Life Expectancy, Life Span, and the Size of Human Beings

Helga Vierich
13 min readOct 22, 2017

--

Disease and Accidents kill many people: throughout history, most have not survived to live their full potential life span.

I was startled by this article I recently read at “ancestry.com” about what people in the USA ate in 200 years ago. I was not surprised because of the foods, but because of this: “…By one estimate, a white man who had reached his 20th birthday could expect to live just another 19 years. A white woman at 20 would live, on average, only a total of 38.8 years. If measuring from birth, which counted infant mortality, life expectancy would have been even lower. A white family in the early 19th century would typically have seven or eight children, but one would die by age one and another before age 21. And, of course, for slaves, childhood deaths were higher and life expectancy was even lower. About one in three African American children died, and only half lived to adulthood.”

Note — they actually are quite coy about listing the ACTUAL life expectancy — from birth. I looked up life expectancy in France during this period and it was little different.. in fact in the early 1700s, it was not much over 22 years. Digging further, it turns out that globally, that some figure under 30 was the average life expectancy at birth in all economic systems, from hunter-gatherers to early industrial nations, until vaccinations and antibiotics began to bring childhood mortality down. In fact, some further checking led me to some rather startling charts, showing global life expectancies not much higher than this until the last thousand years or so, even in western European countries where average wealth and were estimated to be gradually increasing over this period.. Check it out:

Even comparing the “west” with the rest — although the one (below) is just since 1770, after that estimated little bump up that started about 230 years ago.

I was previously aware of a very interesting blog by a a guy named Stephan Guyenet, a neurobiologist who has done some research on life expectancy among the Inuit. Here is a bit of his blog entry on this research: “One of the classic counter-arguments that’s used to discredit accounts of healthy hunter-gatherers is the fallacy that they were short-lived, and thus did not have time to develop diseases of old age like cancer. While the life expectancy of hunter-gatherers was not as high as ours today, most groups had a significant number of elderly individuals, who sometimes lived to 80 years and beyond. Mortality came mostly from accidents, warfare and infectious disease rather than chronic disease.
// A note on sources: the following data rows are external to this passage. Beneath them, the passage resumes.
(* Let $T=T_\lambda(r,m)$ act linearly and inner faithfully on $\Bbbk\overline{Q}$ ($n\ge 3$) so that $g$ acts by a reflection: there are an integer $d$ with $0<d\le n-1$ and scalars $\mu_i,\mu_i^*\in\Bbbk^\times$ with $$g\cdot e_i=e_{n-(d+i)},\qquad g\cdot a_i=\mu_i a^*_{n-(d+i+1)},\qquad g\cdot a_i^*=\mu_i^*a_{n-(d+i+1)}\quad(0\le i\le n-1),$$ and suppose this action descends to an action on $\Pi_Q$. Then $r=2$ (so $\lambda=-1$), and: (1) $\mu_i^*=\mu_i^{-1}$ for all $i$, i.e. $g\cdot a_i=\mu_i a^*_{n-(d+i+1)}$ and $g\cdot a_i^*=\mu_i^{-1}a_{n-(d+i+1)}$, and $(\mu_i\mu_{n-(d+i+1)}^{-1})^{m/2}=1$ for all $i$. (2) $x\cdot e_i=\gamma_i(e_i+e_{n-(d+i)})$, where the $\gamma_i$ satisfy $\gamma_i=-\gamma_{n-(d+i)}$ (so $\gamma_j=0$ whenever $g\cdot j=j$) and $\gamma_{i+1}^2=\mu_i\mu_{n-(d+i+1)}^{-1}\gamma_i^2$ for every $i$ such that neither $i$ nor $i+1$ is a vertex fixed by $g$. (3) For all $i$, $$x\cdot a_i=\gamma_{i+1}a_i+\gamma_i\mu_i a^*_{n-(d+i+1)}+\sigma(a_i),\qquad x\cdot a_i^*=\gamma_i a_i^*+\gamma_{i+1}\mu_i^{-1}a_{n-(d+i+1)}+\sigma(a_i^* ),$$ where the quiver-Taft map $\sigma$ satisfies: - if $j$ is a vertex with $g\cdot j=j$, then there is a scalar $c_j$ with $c_j=\pm\gamma_{j-1}\sqrt{\mu_j\mu_{j-1}}$ (i.e. $c_j^2=\mu_j\mu_{j-1}\gamma_{j-1}^2$) such that $\sigma(a_{j-1})=\mu_j^{-1}c_j a_{j-1}$, $\sigma(a_j)=c_j a_{j-1}^*$, $\sigma(a_{j-1}^* )=-(\mu_j\mu_{j-1})^{-1}c_j a_j$, $\sigma(a_j^* )=-\mu_j^{-1}c_j a_j^*$; - if $k$ is a vertex with $g\cdot k=k+1$ and $g\cdot(k+1)=k$, then there is a scalar $c_k$ with $\sigma(a_k)=c_k e_k$ and $\sigma(a_k^* )=-\mu_k^{-1}c_k e_{k+1}$; moreover, if $\gamma_i=0$ for all $i$, then $c_k\ne 0$ for some such $k$; - if $i$ is neither $j-1$ nor $j$ for a vertex $j$ fixed by $g$, nor a vertex $k$ with $g\cdot k=k+1$, then $\sigma(a_i)=\sigma(a_i^* )=0$.
   Context: Let $\Bbbk$ be a field, $r>1$ and $m$ positive integers with $r\mid m$, and $\lambda\in\Bbbk$ a primitive $r$-th root of unity, with $r$ coprime to the characteristic of $\Bbbk$. The generalized Taft algebra $T=T_\lambda(r,m)$ is the Hopf algebra generated by $g,x$ with relations $gx=\lambda xg$, $g^m=1$, $x^r=0$, coproduct $\Delta(g)=g\otimes g$, $\Delta(x)=1\otimes x+x\otimes g$, counit $\varepsilon(g)=1,\varepsilon(x)=0$, antipode $S(g)=g^{-1}$, $S(x)=-xg^{-1}$. An action of $T$ on an algebra $A$ is a $T$-module algebra structure ($h\cdot(ab)=\sum (h_{(1)}\cdot a)(h_{(2)}\cdot b)$, $h\cdot 1=\varepsilon(h)1$); so $g$ acts by an algebra automorphism and $x\cdot(ab)=a(x\cdot b)+(x\cdot a)(g\cdot b)$. It is inner faithful if no nonzero Hopf ideal $I$ of $T$ satisfies $I\cdot A=0$. Fix $n\ge3$; vertex indices are taken modulo $n$. $\overline{Q}$ is the quiver with vertices $0,\dots,n-1$ and arrows $a_i:i\to i+1$, $a_i^*:i+1\to i$. In the path algebra $\Bbbk\overline{Q}$, $e_i$ is the trivial path at $i$, $s(a),t(a)$ are source and target, and $pq$ is the concatenation ($p$ then $q$) if $t(p)=s(q)$, else $0$. The preprojective algebra is $\Pi_Q=\Bbbk\overline{Q}/(\Omega)$ where $(\Omega)$ is the ideal generated by $a_i^*a_i-a_{i+1}a_{i+1}^*$, $0\le i\le n-1$. The action descends to $\Pi_Q$ if $(\Omega)$ is stable under $g$ and $x$, so that an action on $\Pi_Q$ is induced. A linear action of $T$ on $\Bbbk\overline{Q}$: $g$ acts by a path-length-preserving automorphism (permuting vertices, $g\cdot e_i=e_{g\cdot i}$) and $x$ maps the span of vertices to itself and arrows into the span of vertices and arrows. For such an action there are scalars $\gamma_i$ with $x\cdot e_i=\gamma_i e_i-\gamma_i\lambda^{-1}e_{g\cdot i}$. The quiver-Taft map $\sigma$ is the linear map on the span of vertices and arrows with $\sigma(e_i)=0$ and $\sigma(a)=x\cdot a-\gamma_{t(a)}a+\gamma_{s(a)}\lambda^{-1}(g\cdot a)$ for each arrow $a$. *)

theory Defs
  imports Main
begin

section \<open>The doubled cyclic quiver and its path algebra\<close>

text \<open>Vertices are 0..n-1 (indices mod n). Arrows: Arr i = a_i : i -> i+1,
  Star i = a_i^* : i+1 -> i.\<close>

datatype arr = Arr nat | Star nat

definition suc_v :: "nat \<Rightarrow> nat \<Rightarrow> nat" where
  "suc_v n i = (i + 1) mod n"

definition pre_v :: "nat \<Rightarrow> nat \<Rightarrow> nat" where
  "pre_v n i = (i + n - 1) mod n"

fun arr_idx :: "arr \<Rightarrow> nat" where
  "arr_idx (Arr i) = i" | "arr_idx (Star i) = i"

fun src :: "nat \<Rightarrow> arr \<Rightarrow> nat" where
  "src n (Arr i) = i" | "src n (Star i) = suc_v n i"

fun tgt :: "nat \<Rightarrow> arr \<Rightarrow> nat" where
  "tgt n (Arr i) = suc_v n i" | "tgt n (Star i) = i"

text \<open>A path is a start vertex together with a (possibly empty) list of composable
  arrows; (i, []) is the trivial path e_i.\<close>

type_synonym path = "nat \<times> arr list"

fun path_ok :: "nat \<Rightarrow> path \<Rightarrow> bool" where
  "path_ok n (v, []) = (v < n)"
| "path_ok n (v, a # as) = (arr_idx a < n \<and> v < n \<and> src n a = v \<and> path_ok n (tgt n a, as))"

fun ptgt :: "nat \<Rightarrow> path \<Rightarrow> nat" where
  "ptgt n (v, []) = v"
| "ptgt n (v, a # as) = ptgt n (tgt n a, as)"

definition pcat :: "nat \<Rightarrow> path \<Rightarrow> path \<Rightarrow> path option" where
  "pcat n p q = (if ptgt n p = fst q then Some (fst p, snd p @ snd q) else None)"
I found a a mortality table from the records of a Russian mission in Alaska (compiled by Veniaminov, taken from Cancer, Disease of Civilization), which recorded the ages of death of a traditionally-living Inuit population during the years 1822 to 1836. Here’s a plot of the raw data:

Excluding infant mortality, about 25% of their population lived past 60. Based on these data, the approximate life expectancy (excluding infant mortality) of this Inuit population was 43.5 years. It’s possible that life expectancy would have been higher before contact with the Russians, since they introduced a number of nasty diseases to which the Inuit were not resistant. Keep in mind that the Westerners who were developing cancer alongside them probably had a similar life expectancy at the time.”

I was quite taken with this material, since I had got very similar data on a population of hunter-gatherers in the Kalahari — in fact a 12 -15% mortality before age 15 seemed remarkably consistent over several generations of genealogical data. And, amazingly, I got about the same proportion of people living past age 60. I even got one woman who was at least 100 years old, because I verified her accounts of experiences she had in her mid-teens with historical accounts of events recorded in the archives of the Botswana Museum. I found a pair of twins over 80 (they were both widows with great grandchildren) still going strong: here they are — in a photo I took one spring day. The lady kneeling is searching for some truffles she had found, to show me they really existed… (long story).
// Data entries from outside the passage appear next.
lemma moor_ext_add: "moor_ext (p + q) = moor_ext p + moor_ext q"
  unfolding moor_ext_def by (rule setsum_keys_plus_distrib) (simp_all add: A.scale_left_distrib)

lemma moor_ext_scale: "moor_ext (fscale c p) = scaleA c (moor_ext p)"
  unfolding moor_ext_def by (subst sum_keys_fscale) (simp_all add: A.scale_sum_right)

lemma moor_ext_zero [simp]: "moor_ext 0 = 0"
  by (simp add: moor_ext_def)

lemma moor_ext_single: "moor_ext (Poly_Mapping.single x c) = scaleA c (moor_word x)"
  unfolding moor_ext_def by (simp add: sum_keys_single)

lemma moor_ext_diff: "moor_ext (p - q) = moor_ext p - moor_ext q"
  by (metis moor_ext_add add_diff_cancel diff_add_cancel)

lemma moor_ext_tsN: "p \<in> tsN scaleV \<Longrightarrow> moor_ext p = 0"
  unfolding tsN_eq_span_tsgens
proof (induction p rule: fs.span_induct_alt)
  case base
  then show ?case by simp
next
  case (step c g p)
  have "moor_ext g = 0" using step(1) unfolding tsgens_def
    by (auto simp: moor_ext_diff moor_ext_single moor_word_linear_vector f_add f_scale
        pr_add_right pr_scale_right)
  then show ?case using step by (simp add: moor_ext_add moor_ext_scale)
qed

lemma moor_ext_tsprec: "moor_ext (tsprec p q) = pr (moor_ext p) (moor_ext q)"
proof (induction p rule: poly_mapping_induct)
  case (single x a)
  show ?case
  proof (induction q rule: poly_mapping_induct)
    case (single y b)
    obtain v M where y: "y = (v, M)" by (cases y)
    then show ?case
      by (cases M; cases x)
         (simp_all add: tsprec_single moor_ext_single pr_scale_left pr_scale_right pr_pr_right)
  qed (simp add: tsprec_add_right moor_ext_add pr_add_right)
qed (simp add: tsprec_add_left moor_ext_add pr_add_left)

lemma moor_ext_morphism: "moor_morphism_from_ts scaleV scaleA pr moor_ext"
  unfolding moor_morphism_from_ts_def Vector_Spaces.linear_iff
  using fs.vector_space_axioms A.vector_space_axioms
  by (simp add: moor_ext_add moor_ext_scale moor_ext_tsN moor_ext_tsprec)

lemma moor_ext_tsi: "moor_ext (tsi v) = f v"
  by (simp add: tsi_def moor_ext_single)

lemma moor_morphism_unique:
  assumes G: "moor_morphism_from_ts scaleV scaleA pr G" and Gf: "\<forall>v. G (tsi v) = f v"
  shows "G = moor_ext"
proof
  have G_add: "G (p + q) = G p + G q" and G_scale: "G (fscale c p) = scaleA c (G p)"
    and G_tsprec: "G (tsprec p q) = pr (G p) (G q)" for p q c
    using G unfolding moor_morphism_from_ts_def Vector_Spaces.linear_iff by blast+
  have G_basis: "G (Poly_Mapping.single (v, M) 1) = moor_word (v, M)" for v M
  proof (induction M)
    case empty
    then show ?case using Gf by (simp add: tsi_def)
  next
    case (add m M)
    have "Poly_Mapping.single (v, add_mset m M) (1::'k) = tsprec (Poly_Mapping.single (v, M) 1) (tsi m)"
      by (simp add: tsi_def tsprec_single)
    then show ?case using add Gf G_tsprec by simp
  qed
  fix p
  show "G p = moor_ext p"
  proof (induction p rule: poly_mapping_induct)
    case (single x a)
    have "G (Poly_Mapping.single x a) = scaleA a (G (Poly_Mapping.single x 1))"
      using G_scale[of a "Poly_Mapping.single x 1"] by simp
    then show ?case using G_basis[of "fst x" "snd x"] by (simp add: moor_ext_single)
  qed (simp add: G_add moor_ext_add)
qed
Kua twins in their eigth decade

None of this demographic data I got was exceptional. Nancy Howell had very similar findings from the !Kung San data collected in the 1960s.

In fact Dr. Howell had been married to Richard B.Lee while working on this demographic material, and Dr. Lee was my thesis supervisor for the research I was doing among the Kua. I was pleased that my data revealed nothing unexpected. In the intervening years since I was in the field, I went off to do studies of horticultural and pastoral groups in West Africa, and again did the usual genealogical and basic demographic analysis. Infant mortality was a bit higher in this data, over 20% in one village, but the birth spacing was shorter and overall age/sex ratio in the populations well within the range I expected. Again, there were proportions of people over 60 in the same ballpark. Life expectancy in the hunter-gatherer sample was about 25, a bit lower in some regions, higher in others, and I was not surprised when the West African data also indicated a life expectancy of about 30, despite the higher infant mortality. Life expectancy had gone up in the previous two generations as vaccination and other health care services were introduced to Burkina Faso. It was not as high as it had become in more developed countries in Africa, but it was clearly rising. So this was the state of my understanding when I first encountered the material concerning hunter-gatherers in other parts of the world.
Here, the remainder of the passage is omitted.